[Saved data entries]
□ □ □

lemma top_coeff_L_dual_basis_F:
  "top_coeff m (Suc i) (L_dual_basis m i I []) K0 = prod_list (map (wt_K m i) K0) * vcoeff (rhoF m i I) K0"
proof (induction I arbitrary: K0 rule: rev_induct)
  case Nil
  then show ?case by (simp add: L_dual_basis_def rhoF_def DeltaF_def)
next
  case (snoc a I)
  obtain c where diag: "top_coeff m i (L_dual_basis m i I []) = (\<lambda>K. if K = I then c else 0)"
    and c: "prod_list (map (wt_Kinv m i) I) + (qi m i - inverse (qi m i)) * c = prod_list (map (wt_K m i) I)"
    using top_coeff_L_dual_basis_diag[of m i I] by blast
  have IH: "top_coeff m (Suc i) (L_dual_basis m i I [])
      = (\<lambda>K. prod_list (map (wt_K m i) K) * vcoeff (rhoF m i I) K)"
    using snoc.IH by (intro ext) simp
  have lhs: "top_coeff m (Suc i) (L_dual_basis m i (I @ [a]) []) K0 =
     (if a = i \<and> K0 = I @ [Suc i] then prod_list (map (wt_Kinv m i) I) else 0)
     + (-1) ^ (par m i * par m a) * exchange_top m i a (Suc i) (\<lambda>x. top_coeff m x (L_dual_basis m i I [])) K0"
    using top_coeff_L_dual_basis_snoc[of m "Suc i" i I a K0] by simp
  consider "a < i" | "a = i" | "a = Suc i" | "Suc i < a" by linarith
  then show ?case
  proof cases
    case 2
    have c': "prod_list (map (wt_Kinv m i) I) + (-1) ^ (par m i * par m i) * ((qv - inverse qv) * c)
        = prod_list (map (wt_K m i) I)"
      unfolding par_mult_self mult.assoc[symmetric] neg_one_pow_par_q_diff by (rule c)
    have sign: "(-1::K) ^ (par m i * par m i) * (-1) ^ (par m i * par m (Suc i))
        = odd_sign m i i * (wt_K m i i * wt_F m i i)"
      using qi_nonzero[of m i] by (auto simp: par_def odd_sign_def wt_K_def wt_F_def)
    have diag_a: "top_coeff m a (L_dual_basis m i I []) = (\<lambda>K. if K = I then c else 0)"
      using diag 2 by simp
    from 2 show ?thesis unfolding lhs wt_K_vcoeff_rhoF_snoc exchange_top_def IH diag_a tensor_top_delta
      using arg_cong[OF sign,
          of "\<lambda>t. t * tensor_top i (\<lambda>K. prod_list (map (wt_K m i) K) * vcoeff (rhoF m i I) K) K0"] c'
      by (cases "K0 = I @ [Suc i]") (simp add: tensor_top_def, simp add: algebra_simps)
  next
    case 3
    have sign: "(-1::K) ^ (par m i * par m (Suc i)) * ((-1) ^ par m (Suc i) * qi m (Suc i))
        = odd_sign m i (Suc i) * wt_F m i (Suc i)"
      by (auto simp: par_def odd_sign_def wt_F_def)
    from 3 show ?thesis unfolding lhs wt_K_vcoeff_rhoF_snoc exchange_top_def IH
      using sign by (simp add: wt_K_def algebra_simps)
  qed (unfold lhs wt_K_vcoeff_rhoF_snoc exchange_top_def IH,
    use neg_one_pow_par_Suc[of m i a] in \<open>simp_all add: wt_K_def wt_F_def algebra_simps\<close>)
qed

section \<open>The identities on V^{\<otimes>d}\<close>

definition letters_in :: "nat set \<Rightarrow> texpr \<Rightarrow> bool" where
  "letters_in S X \<longleftrightarrow> (\<forall>(c, J, w) \<in> set X. set J \<subseteq> S)"

lemma letters_in_tmul: "letters_in S x \<Longrightarrow> letters_in S y \<Longrightarrow> letters_in S (tmul x y)"
  unfolding letters_in_def tmul_def by fastforce

lemma letters_in_foldr_tmul:
  "(\<forall>x \<in> set xs. letters_in S x) \<Longrightarrow> letters_in S y \<Longrightarrow> letters_in S (foldr tmul xs y)"
  by (induction xs) (auto intro: letters_in_tmul)

lemma letters_in_L_dual_basis:
  assumes "set I \<subseteq> S"
  shows "letters_in S (L_dual_basis m j I [])"
proof -
  have "letters_in S (L_dual_term m j I k)" for k
  proof -
    have "\<forall>x \<in> set (rev (map (gj j) (drop k I)) @ rev (map (fj m j) (take (k - 1) I))). letters_in S x"
      using assms by (auto simp: letters_in_def gj_def fj_def subset_iff split: if_splits
          dest!: in_set_dropD in_set_takeD)
    then have "letters_in S (foldr tmul (rev (map (gj j) (drop k I)) @ rev (map (fj m j) (take (k - 1) I)))
        [(1, [], [])])"
      by (rule letters_in_foldr_tmul) (simp add: letters_in_def)
    then show ?thesis by (auto simp: L_dual_term_def letters_in_def tscale_def)
  qed
  then show ?thesis unfolding L_dual_basis_conv by (fastforce simp: letters_in_def)
qed

lemma L_dual_emb: "L_dual m j (emb v) = concat (map (\<lambda>(c, I). tscale c (L_dual_basis m j I [])) v)"
  by (induction v) (auto simp: L_dual_def emb_def tscale_def)

lemma top_coeff_L_dual_emb:
  "top_coeff m l (L_dual m j (emb v)) K0
    = sum_list (map (\<lambda>(c, I). c * top_coeff m l (L_dual_basis m j I []) K0) v)"
  unfolding L_dual_emb by (induction v) auto

lemma admissible_L_e_L_dual_emb:
  assumes "\<forall>(c, I) \<in> set v. set I \<subseteq> S" "l \<in> S"
  shows "admissible S (L_e l (L_dual m j (emb v)))"
  unfolding admissible_def L_e_conv
proof (intro ballI)
  fix y assume "y \<in> set (map (\<lambda>(c, J, w). (c, J @ [l], w)) (L_dual m j (emb v)))"
  then obtain c' c I J w where cI: "(c, I) \<in> set v" and y: "y = (c', J @ [l], w)"
    and cJw: "(c', J, w) \<in> set (tscale c (L_dual_basis m j I []))"
    unfolding L_dual_emb by auto
  have "letters_in S (L_dual_basis m j I [])"
    using assms(1) cI by (auto intro: letters_in_L_dual_basis)
  with word_bounded_L_dual_basis[of m j I] cJw
  have "set J \<subseteq> S" "\<forall>t \<in> set w. 1 \<le> t \<and> t \<le> length J"
    by (auto simp: tscale_def letters_in_def word_bounded_def)
  then show "case y of (c, J, w) \<Rightarrow> set J \<subseteq> S \<and> (\<forall>t \<in> set w. 1 \<le> t \<and> t < length J)"
    using y assms(2) by auto
qed

lemma vcoeff_rho_tensors:
  "vcoeff (rho_tensors m ts v) K0
    = sum_list (map (\<lambda>(c, I). c * vcoeff (concat (map (\<lambda>t. apply_pure m t I) ts)) K0) v)"
  by (induction v) (auto simp: rho_tensors_def vcoeff_concat vcoeff_scale map_concat o_def
      case_prod_beta sum_list_const_mult)

lemma rho_tensors_DeltaKinv:
  "\<forall>(c, I) \<in> set v. length I = d \<Longrightarrow>
    rho_tensors m (DeltaKinv m i d) v = map (\<lambda>(c, I). (c * prod_list (map (wt_Kinv m i) I), I)) v"
proof (induction v)
  case Nil
  then show ?case by (simp add: rho_tensors_def)
next
  case (Cons a v)
  obtain c I where a: "a = (c, I)" by (cases a)
  have "apply_pure m (replicate (length I) (False, opKinv m i)) I = [(prod_list (map (wt_Kinv m i) I), I)]"
    by (rule apply_pure_replicate_diag) (simp add: opKinv_def wt_Kinv_def)
  then show ?case using Cons a by (auto simp: rho_tensors_def DeltaKinv_def)
qed

lemma vcoeff_rho_tensors_DeltaK:
  "\<forall>(c, J) \<in> set X. length J = d \<Longrightarrow>
    vcoeff (rho_tensors m (DeltaK m i d) X) K0 = prod_list (map (wt_K m i) K0) * vcoeff X K0"
proof (induction X)
  case Nil
  then show ?case by (simp add: rho_tensors_def)
next
  case (Cons a X)
  obtain c J where a: "a = (c, J)" by (cases a)
  have "apply_pure m (replicate (length J) (False, opK m i)) J = [(prod_list (map (wt_K m i) J), J)]"
    by (rule apply_pure_replicate_diag) (simp add: opK_def wt_K_def)
  then have "rho_tensors m (DeltaK m i d) (a # X)
      = (c * prod_list (map (wt_K m i) J), J) # rho_tensors m (DeltaK m i d) X"
    using Cons.prems a by (simp add: rho_tensors_def DeltaK_def)
  then show ?case using Cons a by (auto simp: algebra_simps)
qed

lemma teq_L_e_L_dual_EKinv:
  assumes "\<forall>(c, I) \<in> set v. length I = d \<and> set I \<subseteq> {1..m + n}" "i \<in> {1..m + n}"
  shows "teq m n (L_e i (L_dual m (i + 1) (emb v))) (emb (rho_EKinv m i d v))"
proof (rule teq_emb_if_normal_form)
  show "admissible {1..m + n} (L_e i (L_dual m (i + 1) (emb v)))"
    using assms by (intro admissible_L_e_L_dual_emb) auto
  fix J
  have "vcoeff (normal_form m (L_e i (L_dual m (i + 1) (emb v)))) J
      = sum_list (map (\<lambda>(c, I). c * (prod_list (map (wt_Kinv m i) I) * vcoeff (rhoE m i I) J)) v)"
    by (simp add: vcoeff_normal_form_L_e top_coeff_L_dual_emb top_coeff_L_dual_basis_E)
  also have "\<dots> = sum_list (map (\<lambda>(c, I). c * vcoeff (concat (map (\<lambda>t. apply_pure m t I) (DeltaE m i d))) J)
      (map (\<lambda>(c, I). (c * prod_list (map (wt_Kinv m i) I), I)) v))"
    unfolding map_map o_def
    by (rule arg_cong[where f = sum_list], rule map_cong) (use assms(1) in \<open>auto simp: rhoE_def\<close>)
  also have "\<dots> = vcoeff (rho_EKinv m i d v) J"
  proof -
    have "\<forall>(c, I) \<in> set v. length I = d" using assms(1) by auto
    then show ?thesis by (simp only: rho_EKinv_def rho_tensors_DeltaKinv vcoeff_rho_tensors)
  qed
  finally show "vcoeff (normal_form m (L_e i (L_dual m (i + 1) (emb v)))) J = vcoeff (rho_EKinv m i d v) J" .
qed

□ □ □

Write down, word for word, the lines above from the one containing "c * (prod_list" through the one containing "(map (\<lambda>(c, I). (c", both ends included.

> [Result for this task]:
      = sum_list (map (\<lambda>(c, I). c * (prod_list (map (wt_Kinv m i) I) * vcoeff (rhoE m i I) J)) v)"
    by (simp add: vcoeff_normal_form_L_e top_coeff_L_dual_emb top_coeff_L_dual_basis_E)
  also have "\<dots> = sum_list (map (\<lambda>(c, I). c * vcoeff (concat (map (\<lambda>t. apply_pure m t I) (DeltaE m i d))) J)
      (map (\<lambda>(c, I). (c * prod_list (map (wt_Kinv m i) I), I)) v))"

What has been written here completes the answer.